(* Let $p=p(n)\in[0,1]$, let $\omega=\omega(n)\to\infty$ as $n\to\infty$, and set $z=z(n,\omega):=\omega\sqrt{n}$. Suppose there is a function $\Gamma=\Gamma(z,n,p)$ such that, with high probability, $$\max_{Z\subseteq[n]:\,|Z|\le z}\chi\big(G_{n,p}[Z]\big)\le\Gamma.$$ Then with high probability $|\chi(G_{n,p})-\Lambda|\le\Gamma$, where $\Lambda=\Lambda(n,p)$ is the smallest integer with $\Pr(\chi(G_{n,p})\le\Lambda)\ge1/2$.
   Context: $G_{n,p}$ denotes the binomial random graph on vertex set $[n]$ in which each pair of vertices is an edge independently with probability $p$; $G[Z]$ is the subgraph induced by the vertex set $Z$; $\chi$ denotes the chromatic number. "With high probability" means with probability tending to $1$ as $n\to\infty$. *)

theory Defs
  imports "HOL-Probability.Probability"
begin

definition all_pairs :: "nat \<Rightarrow> nat set set" where
  "all_pairs n = {{i, j} | i j. 1 \<le> i \<and> i < j \<and> j \<le> n}"

definition gnp :: "nat \<Rightarrow> real \<Rightarrow> nat set set pmf" where
  "gnp n p = map_pmf (\<lambda>f. {e \<in> all_pairs n. f e})
              (Pi_pmf (all_pairs n) False (\<lambda>_. bernoulli_pmf p))"

definition chi :: "nat set set \<Rightarrow> nat set \<Rightarrow> nat" where
  "chi E V = (LEAST k. \<exists>c :: nat \<Rightarrow> nat. (\<forall>v\<in>V. c v < k) \<and>
                 (\<forall>u\<in>V. \<forall>v\<in>V. {u, v} \<in> E \<longrightarrow> c u \<noteq> c v))"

----

→ **What needs to be done**: Go through the listing above, and whenever a line holds the word "forall", copy it.

→ **Answer space**:
  "chi E V = (LEAST k. \<exists>c :: nat \<Rightarrow> nat. (\<forall>v\<in>V. c v < k) \<and>
                 (\<forall>u\<in>V. \<forall>v\<in>V. {u, v} \<in> E \<longrightarrow> c u \<noteq> c v))"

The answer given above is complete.